▶ **Activity**: Where the line with "by (metis assoc commute)" appears below, start writing out lines exactly, and finish with the line with "note pre_Lie = assms[unfolded", which is included; write out nothing else.

▶ **Supplied material**:
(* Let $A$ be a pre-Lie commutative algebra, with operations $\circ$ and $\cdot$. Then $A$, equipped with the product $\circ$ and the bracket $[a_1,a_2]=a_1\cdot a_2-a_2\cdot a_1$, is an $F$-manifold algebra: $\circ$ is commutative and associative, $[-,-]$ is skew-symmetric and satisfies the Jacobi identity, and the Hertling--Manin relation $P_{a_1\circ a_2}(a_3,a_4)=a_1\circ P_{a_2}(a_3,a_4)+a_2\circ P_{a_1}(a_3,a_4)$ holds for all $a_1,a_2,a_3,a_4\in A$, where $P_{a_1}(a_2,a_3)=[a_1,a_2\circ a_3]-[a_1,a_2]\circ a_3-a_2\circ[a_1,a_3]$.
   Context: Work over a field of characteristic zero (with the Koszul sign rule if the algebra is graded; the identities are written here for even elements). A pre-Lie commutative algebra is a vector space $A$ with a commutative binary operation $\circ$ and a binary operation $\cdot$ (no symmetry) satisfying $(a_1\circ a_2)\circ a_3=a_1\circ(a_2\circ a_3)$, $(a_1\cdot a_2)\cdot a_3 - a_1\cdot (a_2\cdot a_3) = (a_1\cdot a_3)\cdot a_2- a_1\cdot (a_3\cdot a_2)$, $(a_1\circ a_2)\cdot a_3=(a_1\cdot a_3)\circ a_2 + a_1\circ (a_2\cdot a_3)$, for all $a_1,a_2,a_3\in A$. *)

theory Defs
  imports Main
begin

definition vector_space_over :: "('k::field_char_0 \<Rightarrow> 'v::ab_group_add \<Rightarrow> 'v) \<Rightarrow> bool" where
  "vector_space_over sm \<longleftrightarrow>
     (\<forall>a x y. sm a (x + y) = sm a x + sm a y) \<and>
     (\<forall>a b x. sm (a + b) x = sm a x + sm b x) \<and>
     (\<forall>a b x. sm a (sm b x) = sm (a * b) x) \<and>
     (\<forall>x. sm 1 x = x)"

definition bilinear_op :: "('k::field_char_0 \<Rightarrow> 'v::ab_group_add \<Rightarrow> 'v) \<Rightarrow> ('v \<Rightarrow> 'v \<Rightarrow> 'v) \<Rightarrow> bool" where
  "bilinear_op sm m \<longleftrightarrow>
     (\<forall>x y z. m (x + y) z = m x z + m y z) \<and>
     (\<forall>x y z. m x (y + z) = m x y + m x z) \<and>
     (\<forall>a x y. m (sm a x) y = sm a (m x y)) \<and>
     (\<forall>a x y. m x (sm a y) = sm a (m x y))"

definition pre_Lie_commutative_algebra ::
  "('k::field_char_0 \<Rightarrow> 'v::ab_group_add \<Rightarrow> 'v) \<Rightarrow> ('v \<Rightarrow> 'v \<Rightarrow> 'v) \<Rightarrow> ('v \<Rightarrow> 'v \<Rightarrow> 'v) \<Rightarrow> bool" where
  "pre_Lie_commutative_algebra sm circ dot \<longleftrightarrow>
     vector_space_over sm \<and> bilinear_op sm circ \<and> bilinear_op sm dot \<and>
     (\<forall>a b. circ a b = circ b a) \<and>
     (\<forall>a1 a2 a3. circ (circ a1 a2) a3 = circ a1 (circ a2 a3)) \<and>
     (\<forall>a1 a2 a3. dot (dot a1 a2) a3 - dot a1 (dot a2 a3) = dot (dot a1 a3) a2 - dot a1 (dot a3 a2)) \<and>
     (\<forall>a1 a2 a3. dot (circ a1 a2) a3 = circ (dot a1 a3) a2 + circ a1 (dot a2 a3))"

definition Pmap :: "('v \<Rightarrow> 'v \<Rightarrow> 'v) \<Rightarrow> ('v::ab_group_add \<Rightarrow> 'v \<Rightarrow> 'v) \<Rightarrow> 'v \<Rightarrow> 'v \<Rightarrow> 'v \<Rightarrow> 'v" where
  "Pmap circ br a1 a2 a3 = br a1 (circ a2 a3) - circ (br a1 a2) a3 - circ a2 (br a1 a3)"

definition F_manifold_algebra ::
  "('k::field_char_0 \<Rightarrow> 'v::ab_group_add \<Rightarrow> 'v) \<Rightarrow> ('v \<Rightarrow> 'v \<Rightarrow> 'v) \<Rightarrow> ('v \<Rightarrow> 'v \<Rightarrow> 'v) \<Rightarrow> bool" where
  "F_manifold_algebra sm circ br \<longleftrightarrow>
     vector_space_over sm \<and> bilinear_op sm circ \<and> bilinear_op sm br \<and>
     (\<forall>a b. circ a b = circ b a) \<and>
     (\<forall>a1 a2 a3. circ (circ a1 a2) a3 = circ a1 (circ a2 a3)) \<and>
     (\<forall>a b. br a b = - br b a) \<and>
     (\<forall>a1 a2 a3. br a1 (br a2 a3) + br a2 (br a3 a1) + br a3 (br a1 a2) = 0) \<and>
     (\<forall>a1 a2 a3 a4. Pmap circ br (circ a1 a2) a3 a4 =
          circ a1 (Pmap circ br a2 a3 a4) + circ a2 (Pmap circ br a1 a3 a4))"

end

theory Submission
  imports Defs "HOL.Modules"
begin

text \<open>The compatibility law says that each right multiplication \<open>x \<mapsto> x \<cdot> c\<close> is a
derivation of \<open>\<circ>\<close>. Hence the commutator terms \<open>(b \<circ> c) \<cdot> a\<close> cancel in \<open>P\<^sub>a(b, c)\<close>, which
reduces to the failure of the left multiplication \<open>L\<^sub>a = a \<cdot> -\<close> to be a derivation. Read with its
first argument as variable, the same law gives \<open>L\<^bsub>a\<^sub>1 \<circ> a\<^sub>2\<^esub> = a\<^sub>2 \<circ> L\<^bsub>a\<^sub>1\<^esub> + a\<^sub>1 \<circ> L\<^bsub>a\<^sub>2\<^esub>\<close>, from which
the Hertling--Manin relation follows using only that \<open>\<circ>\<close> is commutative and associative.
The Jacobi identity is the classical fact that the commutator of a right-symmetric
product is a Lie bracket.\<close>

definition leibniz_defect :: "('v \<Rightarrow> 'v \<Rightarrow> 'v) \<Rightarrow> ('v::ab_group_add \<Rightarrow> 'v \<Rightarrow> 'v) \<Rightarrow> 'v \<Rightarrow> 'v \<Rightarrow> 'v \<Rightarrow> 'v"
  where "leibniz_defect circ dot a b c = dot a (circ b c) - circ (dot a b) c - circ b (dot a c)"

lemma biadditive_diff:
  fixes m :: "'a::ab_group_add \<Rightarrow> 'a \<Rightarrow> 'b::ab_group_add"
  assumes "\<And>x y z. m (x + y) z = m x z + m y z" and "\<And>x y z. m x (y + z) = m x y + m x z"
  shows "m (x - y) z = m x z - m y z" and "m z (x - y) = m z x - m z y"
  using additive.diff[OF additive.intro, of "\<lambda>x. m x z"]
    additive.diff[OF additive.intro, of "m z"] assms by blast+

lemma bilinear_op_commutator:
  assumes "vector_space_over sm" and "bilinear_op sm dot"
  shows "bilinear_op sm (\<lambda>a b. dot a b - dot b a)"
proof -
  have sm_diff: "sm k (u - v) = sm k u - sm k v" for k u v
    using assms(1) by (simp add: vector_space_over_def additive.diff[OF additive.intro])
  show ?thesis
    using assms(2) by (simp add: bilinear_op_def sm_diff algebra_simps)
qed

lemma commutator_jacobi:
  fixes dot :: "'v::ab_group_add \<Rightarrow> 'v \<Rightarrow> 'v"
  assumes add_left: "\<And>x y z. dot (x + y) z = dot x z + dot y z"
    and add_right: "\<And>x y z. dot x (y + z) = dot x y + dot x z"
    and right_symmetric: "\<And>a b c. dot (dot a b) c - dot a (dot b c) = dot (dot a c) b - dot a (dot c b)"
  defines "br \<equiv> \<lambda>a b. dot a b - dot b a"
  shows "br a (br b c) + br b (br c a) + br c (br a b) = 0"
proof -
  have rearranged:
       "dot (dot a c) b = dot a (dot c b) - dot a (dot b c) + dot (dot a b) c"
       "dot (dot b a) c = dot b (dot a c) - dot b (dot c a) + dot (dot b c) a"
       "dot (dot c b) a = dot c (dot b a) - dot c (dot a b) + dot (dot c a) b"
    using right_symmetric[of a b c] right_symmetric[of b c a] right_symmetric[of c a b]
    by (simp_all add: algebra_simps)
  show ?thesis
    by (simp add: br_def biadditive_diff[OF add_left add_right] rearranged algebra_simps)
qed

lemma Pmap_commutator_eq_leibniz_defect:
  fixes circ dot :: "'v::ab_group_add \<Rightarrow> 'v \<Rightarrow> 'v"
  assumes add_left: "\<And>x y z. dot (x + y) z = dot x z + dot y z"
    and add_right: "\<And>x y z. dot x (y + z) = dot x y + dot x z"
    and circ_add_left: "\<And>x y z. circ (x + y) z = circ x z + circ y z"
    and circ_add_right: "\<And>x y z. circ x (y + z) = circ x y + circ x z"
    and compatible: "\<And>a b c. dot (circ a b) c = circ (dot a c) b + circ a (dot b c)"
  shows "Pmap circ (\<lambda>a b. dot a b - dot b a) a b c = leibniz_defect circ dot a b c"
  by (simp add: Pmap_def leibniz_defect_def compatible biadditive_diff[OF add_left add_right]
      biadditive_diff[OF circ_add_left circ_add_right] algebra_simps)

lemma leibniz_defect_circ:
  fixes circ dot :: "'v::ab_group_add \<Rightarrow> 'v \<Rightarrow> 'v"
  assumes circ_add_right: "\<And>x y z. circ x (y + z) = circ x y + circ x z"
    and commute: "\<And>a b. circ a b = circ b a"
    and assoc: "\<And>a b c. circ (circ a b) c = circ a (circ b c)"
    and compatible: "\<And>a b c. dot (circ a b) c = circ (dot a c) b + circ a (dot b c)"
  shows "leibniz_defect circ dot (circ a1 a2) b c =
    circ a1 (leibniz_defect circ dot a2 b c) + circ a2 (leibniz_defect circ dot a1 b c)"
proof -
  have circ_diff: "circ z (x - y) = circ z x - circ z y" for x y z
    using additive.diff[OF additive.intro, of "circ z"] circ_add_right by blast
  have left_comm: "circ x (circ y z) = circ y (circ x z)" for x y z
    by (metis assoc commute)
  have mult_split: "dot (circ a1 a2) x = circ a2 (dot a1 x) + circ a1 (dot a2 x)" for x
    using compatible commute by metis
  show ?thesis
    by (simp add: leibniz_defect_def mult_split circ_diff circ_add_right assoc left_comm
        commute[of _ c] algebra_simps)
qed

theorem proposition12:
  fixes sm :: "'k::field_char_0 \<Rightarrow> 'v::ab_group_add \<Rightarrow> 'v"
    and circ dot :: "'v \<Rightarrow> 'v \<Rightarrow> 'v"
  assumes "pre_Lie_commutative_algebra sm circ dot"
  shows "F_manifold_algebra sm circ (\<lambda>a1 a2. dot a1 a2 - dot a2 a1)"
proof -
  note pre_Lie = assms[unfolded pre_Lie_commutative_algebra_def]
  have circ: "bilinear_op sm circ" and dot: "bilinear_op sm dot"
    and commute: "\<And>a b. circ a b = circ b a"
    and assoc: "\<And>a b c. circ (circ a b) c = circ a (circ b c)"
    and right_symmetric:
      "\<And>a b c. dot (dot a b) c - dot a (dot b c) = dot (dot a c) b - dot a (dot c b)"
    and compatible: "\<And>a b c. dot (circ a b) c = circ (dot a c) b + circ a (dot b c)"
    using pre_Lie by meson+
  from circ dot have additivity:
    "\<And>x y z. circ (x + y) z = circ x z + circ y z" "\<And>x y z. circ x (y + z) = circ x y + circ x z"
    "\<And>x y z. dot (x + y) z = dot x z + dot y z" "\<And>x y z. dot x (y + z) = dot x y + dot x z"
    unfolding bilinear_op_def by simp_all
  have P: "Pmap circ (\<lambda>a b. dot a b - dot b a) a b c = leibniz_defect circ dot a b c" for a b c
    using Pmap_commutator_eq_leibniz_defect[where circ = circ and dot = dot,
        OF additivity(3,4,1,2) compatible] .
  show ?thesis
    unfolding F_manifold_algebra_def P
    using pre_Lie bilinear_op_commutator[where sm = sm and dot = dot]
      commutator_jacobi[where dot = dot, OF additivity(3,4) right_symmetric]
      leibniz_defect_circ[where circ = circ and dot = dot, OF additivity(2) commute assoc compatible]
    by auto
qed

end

* * *

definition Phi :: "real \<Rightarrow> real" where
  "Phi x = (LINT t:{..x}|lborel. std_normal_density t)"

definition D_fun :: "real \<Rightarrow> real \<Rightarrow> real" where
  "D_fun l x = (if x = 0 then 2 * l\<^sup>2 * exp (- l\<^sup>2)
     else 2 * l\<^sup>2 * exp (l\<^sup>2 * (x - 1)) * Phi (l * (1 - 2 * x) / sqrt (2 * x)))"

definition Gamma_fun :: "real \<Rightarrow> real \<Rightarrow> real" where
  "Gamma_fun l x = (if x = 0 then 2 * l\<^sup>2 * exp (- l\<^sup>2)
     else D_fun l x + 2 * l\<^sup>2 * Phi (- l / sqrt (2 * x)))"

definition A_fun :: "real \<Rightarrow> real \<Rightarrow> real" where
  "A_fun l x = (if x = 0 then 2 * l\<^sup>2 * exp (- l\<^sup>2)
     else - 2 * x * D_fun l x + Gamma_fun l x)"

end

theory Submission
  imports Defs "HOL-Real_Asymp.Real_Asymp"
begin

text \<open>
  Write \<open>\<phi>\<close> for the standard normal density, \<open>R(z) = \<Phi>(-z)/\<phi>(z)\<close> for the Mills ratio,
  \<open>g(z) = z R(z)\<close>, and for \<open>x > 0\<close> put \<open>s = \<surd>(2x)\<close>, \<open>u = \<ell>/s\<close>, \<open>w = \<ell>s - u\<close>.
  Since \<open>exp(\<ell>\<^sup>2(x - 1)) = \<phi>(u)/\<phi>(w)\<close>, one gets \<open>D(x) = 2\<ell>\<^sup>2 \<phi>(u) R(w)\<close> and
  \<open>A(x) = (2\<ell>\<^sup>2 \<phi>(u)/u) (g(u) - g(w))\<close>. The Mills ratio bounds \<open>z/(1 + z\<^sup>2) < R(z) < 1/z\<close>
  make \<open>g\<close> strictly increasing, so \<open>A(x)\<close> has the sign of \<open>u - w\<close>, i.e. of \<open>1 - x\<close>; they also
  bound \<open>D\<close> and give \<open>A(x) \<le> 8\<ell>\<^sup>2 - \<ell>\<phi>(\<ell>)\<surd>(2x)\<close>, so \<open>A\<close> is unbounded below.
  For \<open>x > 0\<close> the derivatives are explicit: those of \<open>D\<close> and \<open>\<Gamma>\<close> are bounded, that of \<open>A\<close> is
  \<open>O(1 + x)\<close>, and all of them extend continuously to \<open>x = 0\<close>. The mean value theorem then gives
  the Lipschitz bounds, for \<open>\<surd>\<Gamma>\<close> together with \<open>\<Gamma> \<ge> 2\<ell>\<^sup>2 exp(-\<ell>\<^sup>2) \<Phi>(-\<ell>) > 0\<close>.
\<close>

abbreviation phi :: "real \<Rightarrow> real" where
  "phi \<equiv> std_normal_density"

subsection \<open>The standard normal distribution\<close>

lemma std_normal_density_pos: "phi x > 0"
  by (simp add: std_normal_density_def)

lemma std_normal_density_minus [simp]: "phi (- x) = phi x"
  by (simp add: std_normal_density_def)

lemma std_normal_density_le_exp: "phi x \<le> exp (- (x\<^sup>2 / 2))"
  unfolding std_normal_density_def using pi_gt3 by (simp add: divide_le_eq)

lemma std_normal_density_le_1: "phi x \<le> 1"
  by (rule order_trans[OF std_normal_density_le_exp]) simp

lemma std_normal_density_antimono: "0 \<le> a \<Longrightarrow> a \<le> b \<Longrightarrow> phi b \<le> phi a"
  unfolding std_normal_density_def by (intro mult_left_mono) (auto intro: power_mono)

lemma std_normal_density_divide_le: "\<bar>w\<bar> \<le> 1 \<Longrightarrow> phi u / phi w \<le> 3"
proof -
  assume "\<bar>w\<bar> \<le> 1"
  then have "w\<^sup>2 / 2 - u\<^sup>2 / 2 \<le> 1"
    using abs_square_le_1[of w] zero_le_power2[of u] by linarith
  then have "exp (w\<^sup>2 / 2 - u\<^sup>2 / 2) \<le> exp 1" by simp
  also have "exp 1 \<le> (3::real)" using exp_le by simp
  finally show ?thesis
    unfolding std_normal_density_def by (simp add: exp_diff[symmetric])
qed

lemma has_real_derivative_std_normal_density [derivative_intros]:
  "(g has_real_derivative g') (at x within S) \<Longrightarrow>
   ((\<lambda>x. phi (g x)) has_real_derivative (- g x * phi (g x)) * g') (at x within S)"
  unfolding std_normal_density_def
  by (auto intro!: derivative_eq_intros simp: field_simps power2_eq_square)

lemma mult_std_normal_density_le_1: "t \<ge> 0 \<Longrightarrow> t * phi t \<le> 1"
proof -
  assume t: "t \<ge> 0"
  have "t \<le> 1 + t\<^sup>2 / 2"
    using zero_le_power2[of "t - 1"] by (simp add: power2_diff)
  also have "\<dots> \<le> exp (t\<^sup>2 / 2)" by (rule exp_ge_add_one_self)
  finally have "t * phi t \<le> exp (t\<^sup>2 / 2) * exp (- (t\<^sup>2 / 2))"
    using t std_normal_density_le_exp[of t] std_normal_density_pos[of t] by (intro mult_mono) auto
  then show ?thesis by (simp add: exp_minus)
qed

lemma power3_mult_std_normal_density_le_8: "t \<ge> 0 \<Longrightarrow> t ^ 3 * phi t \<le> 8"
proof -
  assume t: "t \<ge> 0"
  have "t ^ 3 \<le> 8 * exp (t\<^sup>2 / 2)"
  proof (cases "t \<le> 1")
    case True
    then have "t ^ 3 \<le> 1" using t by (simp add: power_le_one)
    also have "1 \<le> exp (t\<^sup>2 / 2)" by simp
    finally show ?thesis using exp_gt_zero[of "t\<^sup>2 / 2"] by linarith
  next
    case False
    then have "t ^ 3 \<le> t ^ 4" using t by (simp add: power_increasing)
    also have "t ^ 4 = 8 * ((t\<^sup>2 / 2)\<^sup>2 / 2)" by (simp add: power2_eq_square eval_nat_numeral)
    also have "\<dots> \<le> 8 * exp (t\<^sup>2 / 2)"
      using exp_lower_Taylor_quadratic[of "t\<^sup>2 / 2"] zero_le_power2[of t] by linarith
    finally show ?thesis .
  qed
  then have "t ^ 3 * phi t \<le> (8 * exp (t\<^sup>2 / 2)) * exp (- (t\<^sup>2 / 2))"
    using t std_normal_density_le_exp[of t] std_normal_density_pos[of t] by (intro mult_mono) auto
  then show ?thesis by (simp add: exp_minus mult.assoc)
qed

▶ **Written solution**:
    by (metis assoc commute)
  have mult_split: "dot (circ a1 a2) x = circ a2 (dot a1 x) + circ a1 (dot a2 x)" for x
    using compatible commute by metis
  show ?thesis
    by (simp add: leibniz_defect_def mult_split circ_diff circ_add_right assoc left_comm
        commute[of _ c] algebra_simps)
qed

theorem proposition12:
  fixes sm :: "'k::field_char_0 \<Rightarrow> 'v::ab_group_add \<Rightarrow> 'v"
    and circ dot :: "'v \<Rightarrow> 'v \<Rightarrow> 'v"
  assumes "pre_Lie_commutative_algebra sm circ dot"
  shows "F_manifold_algebra sm circ (\<lambda>a1 a2. dot a1 a2 - dot a2 a1)"
proof -
  note pre_Lie = assms[unfolded pre_Lie_commutative_algebra_def]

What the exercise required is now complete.